WHAT THE TASK ASKS:
The entries below hold a line with "define P where" and a line with "unfolding Q_def Mtot_def". Return those lines and all that lie between them, exactly and only.

Stored items:
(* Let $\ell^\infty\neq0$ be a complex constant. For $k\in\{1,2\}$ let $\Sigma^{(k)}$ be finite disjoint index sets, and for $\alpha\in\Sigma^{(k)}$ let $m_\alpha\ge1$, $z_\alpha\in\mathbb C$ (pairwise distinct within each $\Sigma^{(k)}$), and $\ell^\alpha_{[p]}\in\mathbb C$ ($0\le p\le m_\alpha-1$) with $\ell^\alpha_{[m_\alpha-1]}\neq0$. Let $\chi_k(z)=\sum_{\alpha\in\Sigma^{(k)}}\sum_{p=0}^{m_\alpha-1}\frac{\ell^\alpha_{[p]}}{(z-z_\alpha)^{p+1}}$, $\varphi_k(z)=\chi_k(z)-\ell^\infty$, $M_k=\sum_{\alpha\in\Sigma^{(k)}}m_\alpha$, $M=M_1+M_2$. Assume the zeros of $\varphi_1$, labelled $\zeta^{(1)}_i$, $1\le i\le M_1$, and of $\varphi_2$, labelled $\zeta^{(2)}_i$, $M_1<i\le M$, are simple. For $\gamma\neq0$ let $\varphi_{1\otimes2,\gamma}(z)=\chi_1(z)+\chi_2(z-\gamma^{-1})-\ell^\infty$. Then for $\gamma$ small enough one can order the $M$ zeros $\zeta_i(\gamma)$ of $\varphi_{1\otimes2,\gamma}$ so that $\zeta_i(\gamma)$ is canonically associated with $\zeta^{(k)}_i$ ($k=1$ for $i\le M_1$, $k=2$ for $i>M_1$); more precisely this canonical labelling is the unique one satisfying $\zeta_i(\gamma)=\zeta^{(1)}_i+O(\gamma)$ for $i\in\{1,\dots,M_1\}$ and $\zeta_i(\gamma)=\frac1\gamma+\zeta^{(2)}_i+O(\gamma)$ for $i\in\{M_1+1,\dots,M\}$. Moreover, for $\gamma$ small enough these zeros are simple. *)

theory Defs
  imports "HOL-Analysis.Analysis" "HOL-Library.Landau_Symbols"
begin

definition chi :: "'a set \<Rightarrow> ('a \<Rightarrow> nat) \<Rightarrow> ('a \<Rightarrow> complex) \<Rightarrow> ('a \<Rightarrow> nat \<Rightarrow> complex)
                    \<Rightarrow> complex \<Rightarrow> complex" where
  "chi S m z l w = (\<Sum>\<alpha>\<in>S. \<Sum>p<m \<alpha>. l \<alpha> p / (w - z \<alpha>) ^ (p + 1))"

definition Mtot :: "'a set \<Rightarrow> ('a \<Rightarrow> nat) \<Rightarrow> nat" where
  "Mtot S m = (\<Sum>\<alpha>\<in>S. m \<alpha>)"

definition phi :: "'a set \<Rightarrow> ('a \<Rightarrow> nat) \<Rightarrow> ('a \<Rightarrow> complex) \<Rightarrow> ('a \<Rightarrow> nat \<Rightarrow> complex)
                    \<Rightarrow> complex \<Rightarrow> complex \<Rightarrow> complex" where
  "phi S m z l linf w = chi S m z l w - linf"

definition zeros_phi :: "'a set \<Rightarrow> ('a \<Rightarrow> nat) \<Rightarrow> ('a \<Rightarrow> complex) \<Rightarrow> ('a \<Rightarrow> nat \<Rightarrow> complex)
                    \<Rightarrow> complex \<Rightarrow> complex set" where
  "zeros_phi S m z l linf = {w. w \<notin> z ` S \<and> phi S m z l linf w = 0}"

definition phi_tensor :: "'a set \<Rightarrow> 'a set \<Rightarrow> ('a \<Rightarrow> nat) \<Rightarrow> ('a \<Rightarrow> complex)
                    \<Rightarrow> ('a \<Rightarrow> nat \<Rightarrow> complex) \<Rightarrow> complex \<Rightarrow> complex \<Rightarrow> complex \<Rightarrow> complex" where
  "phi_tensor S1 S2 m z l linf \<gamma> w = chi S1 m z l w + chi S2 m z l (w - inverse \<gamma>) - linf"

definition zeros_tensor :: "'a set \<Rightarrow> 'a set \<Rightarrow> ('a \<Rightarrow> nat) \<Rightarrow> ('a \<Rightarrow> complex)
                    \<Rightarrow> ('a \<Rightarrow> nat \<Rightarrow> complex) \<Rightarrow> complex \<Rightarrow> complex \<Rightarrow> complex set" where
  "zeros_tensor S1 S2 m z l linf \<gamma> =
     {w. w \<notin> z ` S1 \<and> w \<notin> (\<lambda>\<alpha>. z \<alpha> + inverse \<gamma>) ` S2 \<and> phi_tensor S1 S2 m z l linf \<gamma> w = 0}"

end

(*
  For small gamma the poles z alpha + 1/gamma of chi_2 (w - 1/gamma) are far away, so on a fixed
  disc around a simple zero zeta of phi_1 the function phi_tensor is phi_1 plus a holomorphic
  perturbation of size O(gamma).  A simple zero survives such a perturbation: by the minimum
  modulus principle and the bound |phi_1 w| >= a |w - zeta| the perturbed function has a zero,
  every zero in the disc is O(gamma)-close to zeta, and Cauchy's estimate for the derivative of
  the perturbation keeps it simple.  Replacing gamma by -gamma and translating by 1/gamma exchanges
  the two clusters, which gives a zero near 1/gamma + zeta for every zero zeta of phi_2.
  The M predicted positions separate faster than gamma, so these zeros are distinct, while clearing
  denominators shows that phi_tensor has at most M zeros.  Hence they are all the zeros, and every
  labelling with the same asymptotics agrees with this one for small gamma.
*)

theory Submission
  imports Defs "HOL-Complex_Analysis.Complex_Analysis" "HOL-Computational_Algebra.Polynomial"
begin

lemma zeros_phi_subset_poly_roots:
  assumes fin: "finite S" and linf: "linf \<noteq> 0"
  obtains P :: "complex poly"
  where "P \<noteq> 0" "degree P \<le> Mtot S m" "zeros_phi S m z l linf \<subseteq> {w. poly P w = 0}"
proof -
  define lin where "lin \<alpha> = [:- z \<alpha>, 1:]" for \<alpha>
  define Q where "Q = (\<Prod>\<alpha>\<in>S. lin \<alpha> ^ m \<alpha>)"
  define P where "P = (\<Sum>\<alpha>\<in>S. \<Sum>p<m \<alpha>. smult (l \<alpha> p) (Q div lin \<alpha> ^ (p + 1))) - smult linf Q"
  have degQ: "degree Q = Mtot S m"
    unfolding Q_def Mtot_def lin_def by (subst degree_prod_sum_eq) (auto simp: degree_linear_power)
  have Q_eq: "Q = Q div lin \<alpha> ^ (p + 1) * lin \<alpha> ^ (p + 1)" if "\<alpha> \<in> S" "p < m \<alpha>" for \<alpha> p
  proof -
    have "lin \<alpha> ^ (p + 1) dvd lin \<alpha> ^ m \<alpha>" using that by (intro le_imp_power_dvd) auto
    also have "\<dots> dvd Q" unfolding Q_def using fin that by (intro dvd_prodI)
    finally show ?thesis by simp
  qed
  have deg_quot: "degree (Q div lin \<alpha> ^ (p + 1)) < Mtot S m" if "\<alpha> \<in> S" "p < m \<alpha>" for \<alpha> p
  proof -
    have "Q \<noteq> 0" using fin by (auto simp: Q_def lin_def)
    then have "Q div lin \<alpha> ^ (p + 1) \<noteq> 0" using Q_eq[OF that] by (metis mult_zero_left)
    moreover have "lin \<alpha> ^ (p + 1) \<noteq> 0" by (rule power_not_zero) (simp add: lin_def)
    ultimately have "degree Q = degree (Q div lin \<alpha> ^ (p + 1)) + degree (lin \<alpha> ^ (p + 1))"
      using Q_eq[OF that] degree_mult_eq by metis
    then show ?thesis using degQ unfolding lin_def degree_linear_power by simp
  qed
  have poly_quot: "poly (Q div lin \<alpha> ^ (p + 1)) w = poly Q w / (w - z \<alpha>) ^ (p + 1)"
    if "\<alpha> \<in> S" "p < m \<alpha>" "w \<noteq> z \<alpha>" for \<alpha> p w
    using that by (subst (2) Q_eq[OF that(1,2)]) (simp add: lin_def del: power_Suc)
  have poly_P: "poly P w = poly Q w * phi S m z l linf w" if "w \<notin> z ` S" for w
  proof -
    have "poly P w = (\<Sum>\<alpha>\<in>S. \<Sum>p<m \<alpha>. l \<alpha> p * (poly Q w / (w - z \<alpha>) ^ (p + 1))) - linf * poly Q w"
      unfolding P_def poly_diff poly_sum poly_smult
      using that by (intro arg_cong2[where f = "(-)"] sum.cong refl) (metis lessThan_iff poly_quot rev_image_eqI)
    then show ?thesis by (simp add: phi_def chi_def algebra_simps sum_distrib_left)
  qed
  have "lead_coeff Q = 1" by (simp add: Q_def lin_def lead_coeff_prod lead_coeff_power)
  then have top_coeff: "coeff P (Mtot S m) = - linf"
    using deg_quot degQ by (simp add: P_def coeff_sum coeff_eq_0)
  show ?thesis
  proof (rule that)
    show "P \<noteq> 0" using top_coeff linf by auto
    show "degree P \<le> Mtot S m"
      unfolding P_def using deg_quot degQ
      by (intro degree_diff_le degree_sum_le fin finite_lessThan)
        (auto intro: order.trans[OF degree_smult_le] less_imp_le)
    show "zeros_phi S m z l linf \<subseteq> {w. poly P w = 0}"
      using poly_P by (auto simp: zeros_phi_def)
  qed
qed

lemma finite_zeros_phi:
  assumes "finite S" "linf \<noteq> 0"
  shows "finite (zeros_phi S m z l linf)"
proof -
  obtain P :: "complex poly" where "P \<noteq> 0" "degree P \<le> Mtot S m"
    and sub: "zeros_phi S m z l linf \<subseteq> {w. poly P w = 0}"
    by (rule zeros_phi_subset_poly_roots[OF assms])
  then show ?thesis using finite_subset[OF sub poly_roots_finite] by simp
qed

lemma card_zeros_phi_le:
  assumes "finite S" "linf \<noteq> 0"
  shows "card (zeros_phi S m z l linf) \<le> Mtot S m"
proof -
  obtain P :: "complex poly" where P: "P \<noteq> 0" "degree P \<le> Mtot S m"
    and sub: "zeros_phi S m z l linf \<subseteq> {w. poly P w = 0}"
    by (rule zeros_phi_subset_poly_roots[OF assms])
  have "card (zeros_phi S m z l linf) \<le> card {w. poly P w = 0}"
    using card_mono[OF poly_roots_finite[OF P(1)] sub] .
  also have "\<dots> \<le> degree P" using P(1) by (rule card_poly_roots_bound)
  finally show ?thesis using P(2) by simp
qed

REPLY:
  define P where "P = (\<Sum>\<alpha>\<in>S. \<Sum>p<m \<alpha>. smult (l \<alpha> p) (Q div lin \<alpha> ^ (p + 1))) - smult linf Q"
  have degQ: "degree Q = Mtot S m"
    unfolding Q_def Mtot_def lin_def by (subst degree_prod_sum_eq) (auto simp: degree_linear_power)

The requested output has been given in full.